Records for the exercise:
··········
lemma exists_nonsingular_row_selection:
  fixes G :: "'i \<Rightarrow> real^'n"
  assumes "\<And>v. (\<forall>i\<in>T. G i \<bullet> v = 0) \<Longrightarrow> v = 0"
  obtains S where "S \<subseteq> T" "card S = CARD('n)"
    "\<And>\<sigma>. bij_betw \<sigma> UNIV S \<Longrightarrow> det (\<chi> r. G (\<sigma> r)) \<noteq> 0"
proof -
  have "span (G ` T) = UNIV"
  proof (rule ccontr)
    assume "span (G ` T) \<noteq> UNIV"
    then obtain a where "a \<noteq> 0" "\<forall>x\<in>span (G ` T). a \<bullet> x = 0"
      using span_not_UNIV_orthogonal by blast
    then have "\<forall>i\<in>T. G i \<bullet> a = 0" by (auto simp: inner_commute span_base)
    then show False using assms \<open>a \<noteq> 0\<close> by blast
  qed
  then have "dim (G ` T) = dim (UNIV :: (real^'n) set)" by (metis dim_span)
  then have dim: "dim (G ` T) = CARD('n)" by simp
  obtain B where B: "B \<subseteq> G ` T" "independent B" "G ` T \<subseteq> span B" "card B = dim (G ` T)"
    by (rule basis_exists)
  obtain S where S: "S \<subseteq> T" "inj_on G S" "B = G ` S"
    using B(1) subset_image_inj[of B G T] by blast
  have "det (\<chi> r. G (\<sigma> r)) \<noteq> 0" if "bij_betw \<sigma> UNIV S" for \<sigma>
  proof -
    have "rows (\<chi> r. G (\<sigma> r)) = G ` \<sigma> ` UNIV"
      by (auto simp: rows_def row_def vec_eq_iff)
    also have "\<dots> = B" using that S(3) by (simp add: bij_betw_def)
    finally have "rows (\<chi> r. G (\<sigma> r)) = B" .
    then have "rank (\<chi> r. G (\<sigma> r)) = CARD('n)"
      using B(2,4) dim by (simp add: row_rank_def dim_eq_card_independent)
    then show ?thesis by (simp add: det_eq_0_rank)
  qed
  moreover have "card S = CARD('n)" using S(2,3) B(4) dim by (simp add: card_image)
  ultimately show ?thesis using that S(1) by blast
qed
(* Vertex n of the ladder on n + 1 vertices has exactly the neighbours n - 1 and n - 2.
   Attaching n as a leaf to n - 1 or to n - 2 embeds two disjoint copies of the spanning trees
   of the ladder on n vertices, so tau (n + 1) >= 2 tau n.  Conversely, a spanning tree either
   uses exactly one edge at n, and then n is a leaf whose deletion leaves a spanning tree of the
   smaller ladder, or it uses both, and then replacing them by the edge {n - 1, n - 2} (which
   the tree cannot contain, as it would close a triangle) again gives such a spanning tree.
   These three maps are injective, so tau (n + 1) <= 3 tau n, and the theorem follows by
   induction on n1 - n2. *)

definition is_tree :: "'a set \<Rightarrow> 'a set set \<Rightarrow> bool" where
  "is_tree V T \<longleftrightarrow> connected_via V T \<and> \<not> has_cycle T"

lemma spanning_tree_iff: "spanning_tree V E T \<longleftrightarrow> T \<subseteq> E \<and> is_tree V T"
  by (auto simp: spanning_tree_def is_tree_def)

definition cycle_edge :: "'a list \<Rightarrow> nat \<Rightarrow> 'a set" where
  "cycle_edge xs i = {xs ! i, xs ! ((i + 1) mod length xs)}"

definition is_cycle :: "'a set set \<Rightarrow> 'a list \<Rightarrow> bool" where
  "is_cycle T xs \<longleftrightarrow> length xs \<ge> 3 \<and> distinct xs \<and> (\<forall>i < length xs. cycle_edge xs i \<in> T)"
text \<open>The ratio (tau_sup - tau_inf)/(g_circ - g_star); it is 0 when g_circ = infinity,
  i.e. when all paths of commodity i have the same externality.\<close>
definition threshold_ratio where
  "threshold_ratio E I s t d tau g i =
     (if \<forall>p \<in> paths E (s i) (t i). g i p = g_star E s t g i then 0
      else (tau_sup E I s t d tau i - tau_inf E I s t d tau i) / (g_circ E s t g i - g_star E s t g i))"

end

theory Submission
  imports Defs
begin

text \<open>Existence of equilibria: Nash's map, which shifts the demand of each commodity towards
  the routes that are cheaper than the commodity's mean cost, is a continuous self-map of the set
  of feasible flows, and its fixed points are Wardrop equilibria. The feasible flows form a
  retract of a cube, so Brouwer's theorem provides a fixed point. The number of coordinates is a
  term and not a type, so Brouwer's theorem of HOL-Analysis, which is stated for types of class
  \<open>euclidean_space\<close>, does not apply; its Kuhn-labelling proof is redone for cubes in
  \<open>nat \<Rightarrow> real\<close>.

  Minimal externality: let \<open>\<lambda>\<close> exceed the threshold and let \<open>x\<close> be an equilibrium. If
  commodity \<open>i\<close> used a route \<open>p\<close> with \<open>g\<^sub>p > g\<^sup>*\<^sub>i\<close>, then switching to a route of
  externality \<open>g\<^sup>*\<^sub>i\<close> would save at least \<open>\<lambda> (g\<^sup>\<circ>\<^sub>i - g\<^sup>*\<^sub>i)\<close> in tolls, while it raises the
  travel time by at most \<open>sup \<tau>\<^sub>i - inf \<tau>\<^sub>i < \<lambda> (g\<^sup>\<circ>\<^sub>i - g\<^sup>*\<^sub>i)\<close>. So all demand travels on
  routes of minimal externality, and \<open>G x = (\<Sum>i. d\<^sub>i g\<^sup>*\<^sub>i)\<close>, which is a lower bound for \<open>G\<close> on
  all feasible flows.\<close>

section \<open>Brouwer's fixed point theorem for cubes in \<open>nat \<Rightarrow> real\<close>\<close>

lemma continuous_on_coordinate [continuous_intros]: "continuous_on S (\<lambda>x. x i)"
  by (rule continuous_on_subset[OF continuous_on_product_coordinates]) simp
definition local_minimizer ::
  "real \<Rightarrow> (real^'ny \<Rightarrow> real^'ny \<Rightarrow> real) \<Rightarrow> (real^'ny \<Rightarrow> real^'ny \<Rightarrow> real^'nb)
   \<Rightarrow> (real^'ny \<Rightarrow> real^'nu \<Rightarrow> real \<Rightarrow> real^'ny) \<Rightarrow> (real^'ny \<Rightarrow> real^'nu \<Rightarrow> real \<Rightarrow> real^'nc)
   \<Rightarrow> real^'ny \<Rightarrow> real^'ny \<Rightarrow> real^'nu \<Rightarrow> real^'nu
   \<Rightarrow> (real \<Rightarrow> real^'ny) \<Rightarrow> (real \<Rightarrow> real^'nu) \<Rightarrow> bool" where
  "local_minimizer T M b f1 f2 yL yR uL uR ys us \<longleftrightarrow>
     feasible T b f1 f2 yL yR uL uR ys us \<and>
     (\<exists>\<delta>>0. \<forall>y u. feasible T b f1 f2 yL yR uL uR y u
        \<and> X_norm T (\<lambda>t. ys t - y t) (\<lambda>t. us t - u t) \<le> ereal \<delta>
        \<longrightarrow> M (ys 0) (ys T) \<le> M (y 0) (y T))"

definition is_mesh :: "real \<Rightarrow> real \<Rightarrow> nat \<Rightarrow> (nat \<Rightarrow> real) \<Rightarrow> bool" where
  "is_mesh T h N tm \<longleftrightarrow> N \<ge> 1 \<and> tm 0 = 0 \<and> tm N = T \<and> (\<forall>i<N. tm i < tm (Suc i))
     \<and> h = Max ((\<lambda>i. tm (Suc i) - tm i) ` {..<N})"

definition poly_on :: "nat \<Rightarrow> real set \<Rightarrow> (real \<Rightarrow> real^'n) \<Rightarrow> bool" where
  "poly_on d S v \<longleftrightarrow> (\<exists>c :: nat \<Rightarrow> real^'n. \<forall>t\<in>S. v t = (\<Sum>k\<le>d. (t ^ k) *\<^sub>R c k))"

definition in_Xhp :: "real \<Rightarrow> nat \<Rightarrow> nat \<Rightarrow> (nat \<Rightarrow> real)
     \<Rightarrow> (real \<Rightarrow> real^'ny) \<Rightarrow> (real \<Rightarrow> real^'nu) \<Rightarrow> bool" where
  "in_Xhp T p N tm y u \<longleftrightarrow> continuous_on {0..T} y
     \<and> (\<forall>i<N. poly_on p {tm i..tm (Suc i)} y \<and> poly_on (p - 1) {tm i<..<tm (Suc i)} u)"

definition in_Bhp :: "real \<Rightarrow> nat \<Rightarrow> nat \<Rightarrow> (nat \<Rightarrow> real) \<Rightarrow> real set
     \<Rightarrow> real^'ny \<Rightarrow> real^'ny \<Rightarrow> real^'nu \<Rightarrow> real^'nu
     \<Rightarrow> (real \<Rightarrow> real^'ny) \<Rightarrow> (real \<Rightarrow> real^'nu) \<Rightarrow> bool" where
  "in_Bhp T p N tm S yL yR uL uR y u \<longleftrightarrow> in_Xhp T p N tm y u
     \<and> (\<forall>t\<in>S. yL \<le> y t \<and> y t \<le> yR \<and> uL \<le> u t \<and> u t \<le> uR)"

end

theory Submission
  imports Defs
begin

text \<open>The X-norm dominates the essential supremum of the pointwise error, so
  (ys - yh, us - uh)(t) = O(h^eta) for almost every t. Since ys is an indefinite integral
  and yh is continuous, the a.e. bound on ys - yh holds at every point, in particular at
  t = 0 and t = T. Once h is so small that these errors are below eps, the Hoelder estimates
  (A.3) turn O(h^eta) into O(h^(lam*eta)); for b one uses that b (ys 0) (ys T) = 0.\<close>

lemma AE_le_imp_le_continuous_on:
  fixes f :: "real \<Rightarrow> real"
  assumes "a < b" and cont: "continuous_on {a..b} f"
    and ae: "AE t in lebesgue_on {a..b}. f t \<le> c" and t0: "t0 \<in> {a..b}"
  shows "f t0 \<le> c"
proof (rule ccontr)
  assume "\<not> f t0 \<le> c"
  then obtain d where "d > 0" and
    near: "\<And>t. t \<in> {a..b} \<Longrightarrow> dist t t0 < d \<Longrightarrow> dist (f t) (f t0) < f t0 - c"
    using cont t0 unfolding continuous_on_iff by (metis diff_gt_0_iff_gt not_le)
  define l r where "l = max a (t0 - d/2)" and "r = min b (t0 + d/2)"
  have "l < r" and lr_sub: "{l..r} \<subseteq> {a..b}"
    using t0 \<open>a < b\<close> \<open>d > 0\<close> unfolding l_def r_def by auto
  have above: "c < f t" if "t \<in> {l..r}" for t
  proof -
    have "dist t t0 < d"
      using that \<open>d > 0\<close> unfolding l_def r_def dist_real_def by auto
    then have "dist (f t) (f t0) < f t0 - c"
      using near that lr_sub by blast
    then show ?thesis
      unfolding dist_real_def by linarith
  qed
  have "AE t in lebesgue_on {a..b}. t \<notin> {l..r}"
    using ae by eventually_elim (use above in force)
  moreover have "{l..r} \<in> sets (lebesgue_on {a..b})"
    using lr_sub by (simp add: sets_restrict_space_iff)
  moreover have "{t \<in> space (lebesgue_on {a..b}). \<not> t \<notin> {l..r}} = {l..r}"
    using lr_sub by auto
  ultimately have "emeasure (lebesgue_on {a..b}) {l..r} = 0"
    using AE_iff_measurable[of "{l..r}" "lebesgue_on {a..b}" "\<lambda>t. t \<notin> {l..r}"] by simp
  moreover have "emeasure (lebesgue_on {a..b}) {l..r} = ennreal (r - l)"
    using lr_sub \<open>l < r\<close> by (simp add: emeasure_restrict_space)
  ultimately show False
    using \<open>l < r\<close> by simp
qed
··········
Exercise:
Each line carrying the string "which" should be copied out from the entries.

Answer box:
   smaller ladder, or it uses both, and then replacing them by the edge {n - 1, n - 2} (which
text \<open>Existence of equilibria: Nash's map, which shifts the demand of each commodity towards
  term and not a type, so Brouwer's theorem of HOL-Analysis, which is stated for types of class
  routes of minimal externality, and \<open>G x = (\<Sum>i. d\<^sub>i g\<^sup>*\<^sub>i)\<close>, which is a lower bound for \<open>G\<close> on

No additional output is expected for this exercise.